**WORK REQUEST:** Find the line containing "using assms(7)" in the entries below. Restate it and each line after it, word for word, up to and including the line containing "using local_ring_three_units_three_nonunits[OF assms(1,3,4)]".

**GIVEN DATA:**
-------
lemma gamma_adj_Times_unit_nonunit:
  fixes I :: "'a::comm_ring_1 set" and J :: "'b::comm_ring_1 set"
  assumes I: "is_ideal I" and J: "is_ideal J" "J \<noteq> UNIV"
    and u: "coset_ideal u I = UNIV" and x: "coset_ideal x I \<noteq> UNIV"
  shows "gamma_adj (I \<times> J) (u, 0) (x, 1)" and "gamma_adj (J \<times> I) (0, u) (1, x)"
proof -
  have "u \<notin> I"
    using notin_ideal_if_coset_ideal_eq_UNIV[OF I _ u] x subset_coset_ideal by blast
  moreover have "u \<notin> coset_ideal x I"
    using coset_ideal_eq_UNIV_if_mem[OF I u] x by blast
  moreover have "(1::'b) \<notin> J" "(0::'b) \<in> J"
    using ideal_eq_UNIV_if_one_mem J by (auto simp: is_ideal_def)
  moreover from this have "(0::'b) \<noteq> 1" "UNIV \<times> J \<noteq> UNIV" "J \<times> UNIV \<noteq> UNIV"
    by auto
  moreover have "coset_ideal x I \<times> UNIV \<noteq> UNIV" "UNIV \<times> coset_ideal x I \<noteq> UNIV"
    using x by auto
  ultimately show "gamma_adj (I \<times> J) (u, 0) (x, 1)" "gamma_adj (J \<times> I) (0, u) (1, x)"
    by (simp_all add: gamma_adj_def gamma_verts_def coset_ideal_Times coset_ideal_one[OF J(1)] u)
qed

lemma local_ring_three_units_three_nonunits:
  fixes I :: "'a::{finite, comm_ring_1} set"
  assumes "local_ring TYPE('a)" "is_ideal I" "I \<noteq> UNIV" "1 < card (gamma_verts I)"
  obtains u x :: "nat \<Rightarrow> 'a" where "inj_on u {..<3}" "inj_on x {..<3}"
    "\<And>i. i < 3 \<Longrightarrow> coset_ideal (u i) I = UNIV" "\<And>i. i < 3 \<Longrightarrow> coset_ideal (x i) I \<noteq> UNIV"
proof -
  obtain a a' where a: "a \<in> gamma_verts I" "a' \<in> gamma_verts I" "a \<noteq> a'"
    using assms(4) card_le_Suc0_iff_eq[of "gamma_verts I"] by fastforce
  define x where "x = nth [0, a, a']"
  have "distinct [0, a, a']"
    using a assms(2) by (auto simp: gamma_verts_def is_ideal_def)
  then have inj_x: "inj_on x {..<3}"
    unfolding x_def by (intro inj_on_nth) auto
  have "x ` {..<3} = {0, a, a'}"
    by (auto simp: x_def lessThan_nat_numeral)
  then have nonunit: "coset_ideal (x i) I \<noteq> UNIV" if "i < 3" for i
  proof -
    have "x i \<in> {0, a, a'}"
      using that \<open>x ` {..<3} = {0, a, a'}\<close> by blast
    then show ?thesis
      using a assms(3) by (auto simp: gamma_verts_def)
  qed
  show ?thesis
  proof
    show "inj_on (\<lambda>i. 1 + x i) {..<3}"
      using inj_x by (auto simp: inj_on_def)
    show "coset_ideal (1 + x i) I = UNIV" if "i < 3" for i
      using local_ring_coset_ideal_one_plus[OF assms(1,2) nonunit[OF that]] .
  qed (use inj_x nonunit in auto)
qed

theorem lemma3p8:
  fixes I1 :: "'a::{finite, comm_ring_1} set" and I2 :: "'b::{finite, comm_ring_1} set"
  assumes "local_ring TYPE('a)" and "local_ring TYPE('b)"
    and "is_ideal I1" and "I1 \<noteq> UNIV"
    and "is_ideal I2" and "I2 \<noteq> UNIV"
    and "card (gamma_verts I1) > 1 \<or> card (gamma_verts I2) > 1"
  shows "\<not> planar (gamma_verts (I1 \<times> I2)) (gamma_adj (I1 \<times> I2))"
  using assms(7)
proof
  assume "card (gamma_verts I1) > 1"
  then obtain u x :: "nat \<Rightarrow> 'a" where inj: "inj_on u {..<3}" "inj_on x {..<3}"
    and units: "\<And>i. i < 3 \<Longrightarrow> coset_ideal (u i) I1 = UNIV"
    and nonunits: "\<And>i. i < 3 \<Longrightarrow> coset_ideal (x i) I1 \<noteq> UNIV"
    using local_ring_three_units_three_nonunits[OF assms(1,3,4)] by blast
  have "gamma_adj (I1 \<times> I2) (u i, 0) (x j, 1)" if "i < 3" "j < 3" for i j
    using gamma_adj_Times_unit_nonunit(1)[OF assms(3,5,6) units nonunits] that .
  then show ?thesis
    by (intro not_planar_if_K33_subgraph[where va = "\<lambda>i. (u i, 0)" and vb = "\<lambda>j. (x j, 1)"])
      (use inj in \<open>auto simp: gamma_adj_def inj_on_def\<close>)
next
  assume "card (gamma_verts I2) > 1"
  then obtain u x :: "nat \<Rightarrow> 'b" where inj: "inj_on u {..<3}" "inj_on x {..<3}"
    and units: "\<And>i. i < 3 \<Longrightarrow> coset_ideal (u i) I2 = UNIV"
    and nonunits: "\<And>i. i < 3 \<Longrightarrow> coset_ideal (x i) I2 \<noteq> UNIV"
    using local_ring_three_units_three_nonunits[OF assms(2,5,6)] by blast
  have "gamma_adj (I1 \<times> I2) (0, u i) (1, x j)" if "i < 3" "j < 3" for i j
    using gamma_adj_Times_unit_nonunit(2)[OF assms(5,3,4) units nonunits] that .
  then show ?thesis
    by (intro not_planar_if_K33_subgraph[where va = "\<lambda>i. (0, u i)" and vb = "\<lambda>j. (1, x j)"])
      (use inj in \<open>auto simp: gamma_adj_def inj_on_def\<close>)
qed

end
-------
**RESPONSE TO THIS TASK:**
  using assms(7)
proof
  assume "card (gamma_verts I1) > 1"
  then obtain u x :: "nat \<Rightarrow> 'a" where inj: "inj_on u {..<3}" "inj_on x {..<3}"
    and units: "\<And>i. i < 3 \<Longrightarrow> coset_ideal (u i) I1 = UNIV"
    and nonunits: "\<And>i. i < 3 \<Longrightarrow> coset_ideal (x i) I1 \<noteq> UNIV"
    using local_ring_three_units_three_nonunits[OF assms(1,3,4)] by blast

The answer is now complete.